> [Task]
In the entries below, count each line holding the word "every". Answer with the total alone.

> [Stored items]
- Opening Delimiter -
lemma resolvent_Qalpha_formula:
  fixes \<theta> \<alpha> :: real and a b :: complex
  assumes "0 < \<theta>" "\<theta> < 2 * pi" "\<alpha> = cot (\<theta> / 2)"
    and "a = (g \<i> - g (- \<i>)) / (2 * \<i>)" "b = (g \<i> + g (- \<i>)) / 2"
    and l: "l \<notin> complex_of_real ` {0..}"
    and Ra: "is_resolvent \<Omega> (Qalpha \<Omega> e \<theta>) l Ra" and R0: "is_resolvent \<Omega> (Q0 \<Omega>) l R0"
    and \<phi>: "\<phi> \<in> L2 \<Omega>"
  shows "aeq \<Omega> (Ra \<phi>) (\<lambda>x. R0 \<phi> x
           + (if \<alpha> = 0 then 0 else 1 / (a / complex_of_real \<alpha> + b - g l))
             * (LINT y:\<Omega>|lebesgue. cnj (e y) * (\<phi> y / (l - complex_of_real ((norm y)^2))))
             * psi e l x)"
proof -
  define J where "J = (LINT y:\<Omega>|lebesgue. cnj (e y) * (\<phi> y / (l - complex_of_real ((norm y)^2))))"
  have [measurable]: "\<phi> \<in> borel_measurable \<mu>" "R0 \<phi> \<in> borel_measurable \<mu>"
    using \<phi> is_resolventD(1)[OF R0 \<phi>] by (auto intro: L2_borel_measurable dest: mem_Q0D(1))
  have "AE x in \<mu>. cnj (e x) * R0 \<phi> x = cnj (e x) * (\<phi> x / (l - complex_of_real ((norm x)^2)))"
    using resolvent_Q0_eq[OF l R0 \<phi>] by eventually_elim simp
  moreover have "(\<lambda>x. cnj (e x) * R0 \<phi> x) \<in> borel_measurable \<mu>"
    and "(\<lambda>x. cnj (e x) * (\<phi> x / (l - complex_of_real ((norm x)^2)))) \<in> borel_measurable \<mu>"
    by measurable
  ultimately have J_eq: "integral\<^sup>L \<mu> (\<lambda>x. cnj (e x) * R0 \<phi> x) = J"
    unfolding J_def set_integral_eq_integral_\<mu> by (intro integral_cong_AE)
  have J_zero: "J = 0" if "AE x in \<mu>. e x = 0"
  proof -
    have "AE x in \<mu>. cnj (e x) * (\<phi> x / (l - complex_of_real ((norm x)^2))) = 0"
      using that by eventually_elim simp
    then show ?thesis unfolding J_def set_integral_eq_integral_\<mu> by (rule integral_eq_zero_AE)
  qed
  obtain c where "J = c * krein_denom \<theta> l"
    and c: "c * (1 + cis \<theta>) = (if \<alpha> = 0 then 0 else 1 / (a / complex_of_real \<alpha> + b - g l)) * J"
    using krein_coefficient[OF assms(1-5) ae_e_eq_0_if_krein_denom_eq_0[OF l Ra] J_zero] by blast
  with J_eq have "AE x in \<mu>. Ra \<phi> x = R0 \<phi> x + c * (1 + cis \<theta>) * psi e l x"
    by (intro resolvent_Qalpha_eq[OF l Ra R0 \<phi>]) simp
  then show ?thesis
    unfolding aeq_iff J_def[symmetric] c by simp
qed
lemma sqrt_pre_norm2_diff_ge:
  assumes "psd_kernel K" "\<And>x y. K x y = K y x"
  shows "\<bar>sqrt (pre_norm2 K xs) - sqrt (pre_norm2 K ys)\<bar> \<le> sqrt (pre_norm2 K (comb_diff xs ys))"
proof -
  have "(sqrt (pre_norm2 K xs) - sqrt (pre_norm2 K ys))\<^sup>2 \<le> pre_norm2 K (comb_diff xs ys)"
    using abs_pre_inner_le[OF assms, of xs ys] psd_kernel_pre_norm2_nonneg[OF assms(1)]
    by (simp add: pre_norm2_comb_diff[OF assms(2)] power2_diff)
  then show ?thesis
    by (metis real_sqrt_abs real_sqrt_le_mono)
qed

lemma H0_cauchy_iff_sqrt:
  "H0_cauchy K F \<longleftrightarrow>
    (\<forall>e>0. \<exists>N. \<forall>m\<ge>N. \<forall>n\<ge>N. sqrt (pre_norm2 K (comb_diff (F m) (F n))) < e)"
proof -
  have "(\<forall>e>0. \<exists>N. \<forall>m\<ge>N. \<forall>n\<ge>N. P m n < e) \<longleftrightarrow>
      (\<forall>e>0. \<exists>N. \<forall>m\<ge>N. \<forall>n\<ge>N. sqrt (P m n) < e)" for P :: "nat \<Rightarrow> nat \<Rightarrow> real"
  proof (intro iffI allI impI)
    fix e :: real
    assume "\<forall>e>0. \<exists>N. \<forall>m\<ge>N. \<forall>n\<ge>N. P m n < e" "0 < e"
    then obtain N where "\<forall>m\<ge>N. \<forall>n\<ge>N. sqrt (P m n) < sqrt (e\<^sup>2)"
      by (metis real_sqrt_less_iff zero_less_power)
    then show "\<exists>N. \<forall>m\<ge>N. \<forall>n\<ge>N. sqrt (P m n) < e"
      using \<open>0 < e\<close> by auto
  next
    fix e :: real
    assume "\<forall>e>0. \<exists>N. \<forall>m\<ge>N. \<forall>n\<ge>N. sqrt (P m n) < e" "0 < e"
    then obtain N where "\<forall>m\<ge>N. \<forall>n\<ge>N. sqrt (P m n) < sqrt e"
      by (meson real_sqrt_gt_zero)
    then show "\<exists>N. \<forall>m\<ge>N. \<forall>n\<ge>N. P m n < e"
      by auto
  qed
  then show ?thesis
    unfolding H0_cauchy_def .
qed
text \<open>Let \<open>H\<close> be equivalent to \<open>G\<close>, with every \<open>H\<close>-edge spanned by a \<open>G\<close>-walk of length at most
  \<open>M\<close> and every \<open>G\<close>-edge by an \<open>H\<close>-walk of length at most \<open>L\<close>. Record a walk by its edge chain
  over \<open>\<int>/2\<close>. Replacing each edge of such an \<open>H\<close>-walk by the chosen \<open>G\<close>-walk turns a \<open>G\<close>-edge
  \<open>xy\<close> into a \<open>G\<close>-walk from \<open>x\<close> to \<open>y\<close> of length at most \<open>LM\<close> whose chain lies in the span of
  the \<open>|E(H)|\<close> chains of the chosen walks. Once the girth of \<open>G\<close> exceeds \<open>LM + 1\<close>, closing this
  walk with the edge \<open>yx\<close> gives a closed walk whose chain must vanish, since a closed walk with
  nonzero chain contains a cycle no longer than itself; hence the chain of the walk is the
  indicator of \<open>xy\<close>. These indicators are independent, so \<open>|E(G)| \<le> |E(H)|\<close> for all large \<open>n\<close>.
  Conversely \<open>G\<close> is equivalent to itself, so the cost is at most \<open>e(G)\<close>.\<close>

section \<open>Walks and the path metric\<close>

lemma is_walk_Nil [simp]: "\<not> is_walk V E []"
  by (simp add: is_walk_def)

lemma is_walk_singleton [simp]: "is_walk V E [x] \<longleftrightarrow> x \<in> V"
  by (simp add: is_walk_def)

lemma is_walk_Cons_Cons [simp]:
  "is_walk V E (x # y # xs) \<longleftrightarrow> x \<in> V \<and> E x y \<and> is_walk V E (y # xs)"
  unfolding is_walk_def by (auto simp: less_Suc_eq_0_disj)

lemma set_subset_if_is_walk: "is_walk V E xs \<Longrightarrow> set xs \<subseteq> V"
  by (simp add: is_walk_def)

lemma is_walk_append_iff:
  "is_walk V E (xs @ y # ys) \<longleftrightarrow> is_walk V E (xs @ [y]) \<and> is_walk V E (y # ys)"
  by (induction xs rule: induct_list012) (auto dest: set_subset_if_is_walk)

lemma is_walk_rev:
  assumes "\<And>x y. E x y \<Longrightarrow> E y x"
  shows "is_walk V E (rev xs) \<longleftrightarrow> is_walk V E xs"
proof (induction xs rule: induct_list012)
  case (3 x y xs)
  have "is_walk V E (rev (x # y # xs)) \<longleftrightarrow> is_walk V E (rev (y # xs)) \<and> is_walk V E [y, x]"
    using is_walk_append_iff[of V E "rev xs" y "[x]"] by simp
  then show ?case using 3 assms by (auto dest: set_subset_if_is_walk)
qed auto

lemma gdist_le_one_if_edge:
  assumes "E x y" "x \<in> V" "y \<in> V"
  shows "gdist V E x y \<le> 1"
  unfolding gdist_def one_enat_def
  using assms by (intro Inf_lower CollectI exI[of _ "[x, y]"]) simp

lemma walk_if_gdist_le:
  assumes "gdist V E x y \<le> enat k"
  obtains xs where "is_walk V E xs" "hd xs = x" "last xs = y" "length xs \<le> Suc k"
proof -
  define A where "A = {enat (length xs - 1) | xs. is_walk V E xs \<and> hd xs = x \<and> last xs = y}"
  have "A \<noteq> {}"
    using assms unfolding gdist_def A_def[symmetric] by (auto simp: top_enat_def)
  then have "Inf A \<in> A"
    unfolding Inf_enat_def by (metis LeastI ex_in_conv)
  then obtain xs where "Inf A = enat (length xs - 1)" "is_walk V E xs" "hd xs = x" "last xs = y"
    unfolding A_def by blast
  moreover have "gdist V E x y = Inf A"
    unfolding gdist_def A_def ..
  ultimately show ?thesis
    using assms that by simp
qed

section \<open>Edge chains over \<open>\<int>/2\<close>\<close>

fun walk_chain :: "'a list \<Rightarrow> 'a set \<Rightarrow> bit" where
  "walk_chain (x # y # xs) = indicator {{x, y}} + walk_chain (y # xs)"
| "walk_chain _ = 0"

lemma bit_fun_add_self [simp]: "(f :: 'b \<Rightarrow> bit) + f = 0"
proof
  show "(f + f) x = 0 x" for x
    by (cases "f x") simp_all
qed

lemma bit_fun_add_eq_0_iff: "(f :: 'b \<Rightarrow> bit) + g = 0 \<longleftrightarrow> f = g"
  by (metis add.assoc add_0 bit_fun_add_self)

lemma walk_chain_append:
  "walk_chain (xs @ y # ys) = walk_chain (xs @ [y]) + walk_chain (y # ys)"
proof (induction xs rule: induct_list012)
  case 1
  show ?case by (simp only: append.simps walk_chain.simps add_0)
next
  case 2
  show ?case by (simp only: append.simps walk_chain.simps add_0_right)
next
  case 3
  then show ?case by (simp only: append_Cons walk_chain.simps(1) add.assoc)
qed

lemma walk_chain_rev: "walk_chain (rev xs) = walk_chain xs"
proof (induction xs rule: induct_list012)
  case (3 x y xs)
  have "walk_chain (rev (x # y # xs)) = walk_chain (rev (y # xs)) + walk_chain [y, x]"
    using walk_chain_append[of "rev xs" y "[x]"] by simp
  then show ?case
    using 3 by (simp add: insert_commute add.commute)
qed simp_all

interpretation fun_space: vector_space "\<lambda>(c :: 'k :: field) (f :: 'b \<Rightarrow> 'k) x. c * f x"
  by unfold_locales (auto simp: fun_eq_iff distrib_left distrib_right)

lemma sum_fun_apply: "sum f A x = (\<Sum>a\<in>A. f a x)"
  by (induction A rule: infinite_finite_induct) auto

lemma independent_point_indicators:
  "fun_space.independent (range (\<lambda>e. indicator {e} :: 'b \<Rightarrow> 'k :: field))"
  unfolding fun_space.independent_explicit_module
proof (intro allI impI)
  fix t u v
  assume t: "finite t" "t \<subseteq> range (\<lambda>e. indicator {e})"
    and zero: "(\<Sum>v\<in>t. (\<lambda>x. u v * v x)) = (0 :: 'b \<Rightarrow> 'k)" and "v \<in> t"
  then obtain e where e: "v = indicator {e}" by blast
  have "0 = (\<Sum>w\<in>t. u w * w e)"
    using fun_cong[OF zero, of e] by (simp add: sum_fun_apply)
  also have "\<dots> = u v * v e + (\<Sum>w\<in>t - {v}. u w * w e)"
    by (rule sum.remove[OF t(1) \<open>v \<in> t\<close>])
  also have "(\<Sum>w\<in>t - {v}. u w * w e) = 0"
    using t(2) e by (intro sum.neutral) (fastforce simp: indicator_def)
  finally show "u v = 0"
    using e by simp
qed

lemma inj_point_indicator: "inj (\<lambda>e. indicator {e} :: 'b \<Rightarrow> 'k :: zero_neq_one)"
  by (rule injI) (metis indicator_eq_1_iff singletonD singletonI)

section \<open>Closed walks and cycles\<close>

lemma has_cycle_if_closed_walk_distinct:
  assumes walk: "is_walk V E xs" and closed: "hd xs = last xs"
    and distinct: "distinct (butlast xs)" and long: "4 \<le> length xs"
  shows "has_cycle_of_length V E (length xs - 1)"
proof -
  define ys where "ys = butlast xs"
  define m where "m = length xs - 1"
  have m: "length ys = m" "3 \<le> m" "length xs = Suc m"
    using long unfolding ys_def m_def by auto
  have ys_nth: "i < m \<Longrightarrow> ys ! i = xs ! i" for i
    using m by (simp add: ys_def nth_butlast)
  have step: "Suc i < length xs \<Longrightarrow> E (xs ! i) (xs ! Suc i)" for i
    using walk unfolding is_walk_def by blast
  have "xs \<noteq> []"
    using long by auto
  then have wrap: "xs ! 0 = xs ! m"
    using closed by (simp add: hd_conv_nth last_conv_nth m_def)
  have "E (ys ! i) (ys ! ((i + 1) mod m))" if "i < m" for i
  proof (cases "Suc i < m")
    case True
    then show ?thesis
      using ys_nth[of i] ys_nth[of "Suc i"] step[of i] m(3) that by simp
  next
    case False
    then have "Suc i = m"
      using that by simp
    moreover from this have "(i + 1) mod m = 0"
      by simp
    ultimately show ?thesis
      using ys_nth[of i] ys_nth[of 0] step[of i] m wrap that by simp
  qed
  moreover have "set ys \<subseteq> V"
    using set_subset_if_is_walk[OF walk] unfolding ys_def by (meson in_set_butlastD subset_iff)
  ultimately have "has_cycle_of_length V E m"
    unfolding has_cycle_of_length_def using m(1,2) distinct unfolding ys_def by blast
  then show ?thesis
    unfolding m_def .
qed

lemma closed_walk_split:
  assumes walk: "is_walk V E xs" and closed: "hd xs = last xs"
    and repeat: "\<not> distinct (butlast xs)"
  obtains w1 w2 where "is_walk V E w1" "hd w1 = last w1" "length w1 < length xs"
    "is_walk V E w2" "hd w2 = last w2" "length w2 < length xs"
    "walk_chain xs = walk_chain w1 + walk_chain w2"
proof -
  obtain p y q r where "butlast xs = p @ [y] @ q @ [y] @ r"
    using not_distinct_decomp[OF repeat] by blast
  moreover have "xs \<noteq> []"
    using walk by auto
  ultimately obtain z where xs: "xs = p @ y # q @ y # r @ [z]"
    by (metis append_butlast_last_id append.assoc append_Cons append_Nil)
  define w1 where "w1 = y # q @ [y]"
  define w2 where "w2 = p @ y # r @ [z]"
  have "walk_chain xs = walk_chain (p @ [y]) + walk_chain w1 + walk_chain (y # r @ [z])"
    using walk_chain_append[of p y "q @ y # r @ [z]"] walk_chain_append[of "y # q" y "r @ [z]"]
    unfolding xs w1_def by (simp add: add.assoc)
  moreover have "walk_chain w2 = walk_chain (p @ [y]) + walk_chain (y # r @ [z])"
    unfolding w2_def by (rule walk_chain_append)
  ultimately have "walk_chain xs = walk_chain w1 + walk_chain w2"
    by (simp add: ac_simps)
  moreover have "is_walk V E (p @ [y])" "is_walk V E w1" "is_walk V E (y # r @ [z])"
    using walk is_walk_append_iff[of V E p y "q @ y # r @ [z]"]
      is_walk_append_iff[of V E "y # q" y "r @ [z]"]
    unfolding xs w1_def by auto
  then have "is_walk V E w2"
    unfolding w2_def using is_walk_append_iff by metis
  moreover have "hd w2 = last w2"
    using closed unfolding xs w2_def by (cases p) auto
  moreover have "length w1 < length xs" "length w2 < length xs"
    unfolding xs w1_def w2_def by simp_all
  ultimately show ?thesis
    using that \<open>is_walk V E w1\<close> unfolding w1_def by simp
qed

text \<open>A closed walk through a repeated vertex splits into two shorter closed walks whose chains
  add up; one without repetitions is a cycle once it has three edges, and shorter ones have zero
  chain or are loops.\<close>

lemma cycle_if_closed_walk_chain_nonzero:
  assumes irrefl: "\<And>x. \<not> E x x"
  shows "is_walk V E xs \<Longrightarrow> hd xs = last xs \<Longrightarrow> walk_chain xs \<noteq> 0
    \<Longrightarrow> \<exists>m < length xs. has_cycle_of_length V E m"
proof (induction "length xs" arbitrary: xs rule: less_induct)
  case less
  show ?case
  proof (cases "distinct (butlast xs)")
    case True
    have "xs \<noteq> []"
      using less.prems(1) by auto
    then consider a where "xs = [a]" | a b where "xs = [a, b]" | a b c where "xs = [a, b, c]"
      | "4 \<le> length xs"
      by (cases xs; cases "tl xs"; cases "tl (tl xs)"; cases "tl (tl (tl xs))"; auto)
    then show ?thesis
    proof cases
      case (3 a b c)
      then have "walk_chain xs = indicator {{a, b}} + indicator {{b, a}}"
        using less.prems(2) by simp
      then show ?thesis
        using less.prems(3) by (simp add: insert_commute)
    next
      case 4
      then show ?thesis
        using has_cycle_if_closed_walk_distinct[OF less.prems(1,2) True]
        by (intro exI[of _ "length xs - 1"]) auto
    qed (use less.prems irrefl in auto)
  next
    case False
    obtain w1 w2 where w: "is_walk V E w1" "hd w1 = last w1" "length w1 < length xs"
      "is_walk V E w2" "hd w2 = last w2" "length w2 < length xs"
      and chain: "walk_chain xs = walk_chain w1 + walk_chain w2"
      using closed_walk_split[OF less.prems(1,2) False] by blast
    have "walk_chain w1 \<noteq> 0 \<or> walk_chain w2 \<noteq> 0"
      using less.prems(3) chain by auto
    then show ?thesis
      using less.hyps w by (meson less_trans)
  qed
qed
- Closing Delimiter -
> [Solution to this task]
2